### DATA RECORDS
(* Let $n\ge27$, $\mathcal{X},\mathcal{Y}$ finite with $|\mathcal{X}|,|\mathcal{Y}|\ge2$, let $M$ be a discrete random variable, $\mathbf{X}$ a random vector on $\mathcal{X}^n$, and $(\mathbf{Y}_w)_{w\in\mathcal{P}(\mathcal{Y}|\mathcal{X})}$ random vectors on $\mathcal{Y}^n$ such that $M,\mathbf{X},(\mathbf{Y}_w)_w$ form a Markov chain in that order and $\mathbf{Y}_w|\mathbf{X}\sim w^n$. Let $\delta,\alpha>0$ and $\epsilon>\frac{2|\mathcal{X}||\mathcal{Y}|}{n}\log_2 n$. If for some $\tilde w\in\mathcal{P}(\mathcal{Y}|\mathcal{X})$ $$\Pr\left(|h(\mathbf{Y}_{\tilde w}|M)-\mathbb{H}(\mathbf{Y}_{\tilde w}|M)|>n\delta\right)<2^{-n\alpha},$$ then $$\Pr\left(|h(\mathbf{Y}_w|M)-\mathbb{H}(\mathbf{Y}_w|M)|>n\tilde\delta\right)<2^{-n\epsilon}+2^{-n(\alpha-\epsilon)},$$ where $$\tilde\delta=(2+2^{-n\epsilon}+2^{-n(\alpha-\epsilon)})(\delta+\epsilon)+(2^{-n\epsilon}+2^{-n(\alpha-\epsilon)})\left[\log_2|\mathcal{Y}|-\frac2n\log_2(2^{-n\epsilon}+2^{-n(\alpha-\epsilon)})\right],$$ for all $w\in\mathcal{P}(\mathcal{Y}|\mathcal{X})$ such that $$\sup_{\hat p\in\mathcal{P}(\mathcal{X}),\ \hat w\in\mathcal{P}(\mathcal{Y}|\mathcal{X})}\mathbb{D}_{\hat w}(w\|\tilde w|\hat p)\le\epsilon-\frac{2|\mathcal{X}||\mathcal{Y}|}{n}\log_2 n.$$
   Context: $\mathcal{P}(\mathcal{Y}|\mathcal{X})$ is the set of conditional distributions from $\mathcal{X}$ to $\mathcal{Y}$, $\mathcal{P}(\mathcal{X})$ the set of distributions on $\mathcal{X}$, $w^n(\mathbf{y}|\mathbf{x})=\prod_t w(y_t|x_t)$. $h(\mathbf{Y}_w|M)=-\log_2 p_{\mathbf{Y}_w|M}(\mathbf{Y}_w|M)$ and $\mathbb{H}$ denotes conditional entropy. $\mathbb{D}_{\hat w}(w\|\tilde w|\hat p)=\sum_{y,x}\hat w(y|x)\hat p(x)\log_2\frac{w(y|x)}{\tilde w(y|x)}$. *)

theory Defs
  imports "HOL-Probability.Probability"
begin

primrec chan_n :: "('x \<Rightarrow> 'y pmf) \<Rightarrow> 'x list \<Rightarrow> 'y list pmf" where
  "chan_n w [] = return_pmf []"
| "chan_n w (x # xs) = bind_pmf (w x) (\<lambda>y. map_pmf (\<lambda>ys. y # ys) (chan_n w xs))"
lemma measurable_S_sigma_of: "(k, 2) \<in> P \<Longrightarrow> (\<lambda>\<omega>. S k \<omega> u) \<in> borel_measurable (sigma_of P)"
proof -
  assume "(k, 2) \<in> P"
  then have "sets (vimage_algebra (space M) (S k) (\<Pi>\<^sub>M u\<in>UNIV. (borel :: real measure))) \<subseteq> sets (sigma_of P)"
    using component_sets_in_sigma_of[of "(k,2)" P] by (auto simp: component_sets_def)
  moreover have "S k \<in> space M \<rightarrow> space (\<Pi>\<^sub>M u\<in>UNIV. (borel :: real measure))" by (auto simp: space_PiM)
  ultimately have "S k \<in> measurable (sigma_of P) (\<Pi>\<^sub>M u\<in>UNIV. (borel :: real measure))"
    using measurable_vimage_algebra1[of "S k" "space M" "\<Pi>\<^sub>M u\<in>UNIV. (borel :: real measure)"] unfolding measurable_def by auto
  from measurable_compose[OF this measurable_component_singleton[of u UNIV]] show ?thesis by simp
qed

lemma measurable_B_sigma_of: "(k, 3) \<in> P \<Longrightarrow> (\<lambda>\<omega>. B k \<omega> v j) \<in> borel_measurable (sigma_of P)"
proof -
  assume "(k, 3) \<in> P"
  then have "sets (vimage_algebra (space M) (B k) (\<Pi>\<^sub>M u\<in>UNIV. \<Pi>\<^sub>M j\<in>UNIV. (borel :: real measure))) \<subseteq> sets (sigma_of P)"
    using component_sets_in_sigma_of[of "(k,3)" P] by (auto simp: component_sets_def)
  moreover have "B k \<in> space M \<rightarrow> space (\<Pi>\<^sub>M u\<in>UNIV. \<Pi>\<^sub>M j\<in>UNIV. (borel :: real measure))" by (auto simp: space_PiM)
  ultimately have "B k \<in> measurable (sigma_of P) (\<Pi>\<^sub>M u\<in>UNIV. \<Pi>\<^sub>M j\<in>UNIV. (borel :: real measure))"
    using measurable_vimage_algebra1[of "B k" "space M" "\<Pi>\<^sub>M u\<in>UNIV. \<Pi>\<^sub>M j\<in>UNIV. (borel :: real measure)"] unfolding measurable_def by auto
  from measurable_compose[OF measurable_compose[OF this measurable_component_singleton[of v UNIV]] measurable_component_singleton[of j UNIV]]
  show ?thesis by simp
qed

lemma subordinator_path: "\<omega> \<in> space M \<Longrightarrow> S k \<omega> 0 = 0 \<and> mono_on {0..} (S k \<omega>) \<and> (\<forall>t\<ge>0. continuous (at_right t) (S k \<omega>))"
  using S_sub unfolding subordinator_def by blast

lemma subordinator_nonneg: "\<omega> \<in> space M \<Longrightarrow> 0 \<le> u \<Longrightarrow> 0 \<le> S k \<omega> u"
  using subordinator_path[of \<omega> k] unfolding mono_on_def by (metis atLeast_iff order_refl)
lemma exists_total_dominated_graph:
  assumes H: "dominated_graph scal X p H" "H \<noteq> {}"
  obtains G where "dominated_graph scal X p G" "H \<subseteq> G" "Domain G = X"
proof -
  define A where "A = {G. dominated_graph scal X p G \<and> H \<subseteq> G}"
  have "\<exists>U\<in>A. \<forall>G\<in>C. G \<subseteq> U" if C: "subset.chain A C" for C
  proof (cases "C = {}")
    case True
    then show ?thesis using H by (auto simp: A_def)
  next
    case False
    have CA: "\<And>G. G \<in> C \<Longrightarrow> dominated_graph scal X p G" "\<And>G. G \<in> C \<Longrightarrow> H \<subseteq> G"
      using C by (auto simp: subset_chain_def A_def)
    have "dominated_graph scal X p (\<Union>C)" using dominated_graph_Union_chain[OF CA(1) C] .
    moreover obtain G0 where "G0 \<in> C" using False by blast
    then have "H \<subseteq> \<Union>C" using CA(2) by blast
    ultimately have "\<Union>C \<in> A" by (simp add: A_def)
    then show ?thesis by blast
  qed
  from subset_Zorn[OF this] obtain G where G: "G \<in> A" and maximal: "\<forall>G'\<in>A. G \<subseteq> G' \<longrightarrow> G' = G"
    by blast
  have "x \<in> Domain G" if x: "x \<in> X" for x
  proof (rule ccontr)
    assume x': "x \<notin> Domain G"
    have G_dom: "dominated_graph scal X p G" and "H \<subseteq> G" using G by (simp_all add: A_def)
    then have "G \<noteq> {}" using H(2) by blast
    then obtain c where c: "\<And>m a. (m, a) \<in> G \<Longrightarrow> a - p (m - x) \<le> c \<and> c \<le> p (m + x) - a"
      using dominated_extension_value[OF G_dom _ x] by blast
    have lin: "linear_graph scal G" using G_dom by (simp add: dominated_graph_def)
    have G_sub: "G \<subseteq> adjoin_graph scal G x c" by (rule adjoin_graph_extends(1)[OF vs lin \<open>G \<noteq> {}\<close>])
    then have "adjoin_graph scal G x c \<in> A"
      using dominated_graph_adjoin[OF G_dom x x' c] \<open>H \<subseteq> G\<close> by (auto simp: A_def)
    then have "adjoin_graph scal G x c = G" using maximal G_sub by blast
    then show False using adjoin_graph_extends(2)[OF vs lin \<open>G \<noteq> {}\<close>, of x c] x' by auto
  qed
  moreover have "Domain G \<subseteq> X" using G by (simp add: A_def dominated_graph_def)
  ultimately have "Domain G = X" by blast
  with G show ?thesis using that unfolding A_def by blast
qed

theorem hahn_banach_sublinear:
  assumes M: "subspace M" "M \<subseteq> X" and h: "linear_functional_on scal M h" "\<forall>x\<in>M. h x \<le> p x"
  obtains F where "linear_functional_on scal X F" "\<forall>x\<in>X. F x \<le> p x" "\<forall>x\<in>M. F x = h x"
proof -
  define H where "H = (\<lambda>x. (x, h x)) ` M"
  have "dominated_graph scal X p H"
    using linear_graph_of_functional[OF vs M(1) h(1)] M(2) h(2) by (auto simp: dominated_graph_def H_def)
  moreover have "H \<noteq> {}" using subspace_0[OF M(1)] by (auto simp: H_def)
  ultimately obtain G where G: "dominated_graph scal X p G" "H \<subseteq> G" "Domain G = X"
    by (rule exists_total_dominated_graph)
  define F where "F x = (THE a. (x, a) \<in> G)" for x
  have lin: "linear_graph scal G" using G(1) by (simp add: dominated_graph_def)
  note F = functional_of_linear_graph[OF lin G(3), folded F_def]
  have "\<forall>x\<in>X. F x \<le> p x" using G(1,3) F(2) by (force simp: dominated_graph_def)
  moreover have "\<forall>x\<in>M. F x = h x" using F(2) G(2) by (auto simp: H_def)
  ultimately show ?thesis using that F(1) by blast
qed

end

### YOUR INSTRUCTIONS
Write out exactly, and only, each line from the one with "with G show" down to the last line of the records above.

### WRITTEN SOLUTION
  with G show ?thesis using that unfolding A_def by blast
qed

theorem hahn_banach_sublinear:
  assumes M: "subspace M" "M \<subseteq> X" and h: "linear_functional_on scal M h" "\<forall>x\<in>M. h x \<le> p x"
  obtains F where "linear_functional_on scal X F" "\<forall>x\<in>X. F x \<le> p x" "\<forall>x\<in>M. F x = h x"
proof -
  define H where "H = (\<lambda>x. (x, h x)) ` M"
  have "dominated_graph scal X p H"
    using linear_graph_of_functional[OF vs M(1) h(1)] M(2) h(2) by (auto simp: dominated_graph_def H_def)
  moreover have "H \<noteq> {}" using subspace_0[OF M(1)] by (auto simp: H_def)
  ultimately obtain G where G: "dominated_graph scal X p G" "H \<subseteq> G" "Domain G = X"
    by (rule exists_total_dominated_graph)
  define F where "F x = (THE a. (x, a) \<in> G)" for x
  have lin: "linear_graph scal G" using G(1) by (simp add: dominated_graph_def)
  note F = functional_of_linear_graph[OF lin G(3), folded F_def]
  have "\<forall>x\<in>X. F x \<le> p x" using G(1,3) F(2) by (force simp: dominated_graph_def)
  moreover have "\<forall>x\<in>M. F x = h x" using F(2) G(2) by (auto simp: H_def)
  ultimately show ?thesis using that F(1) by blast
qed

end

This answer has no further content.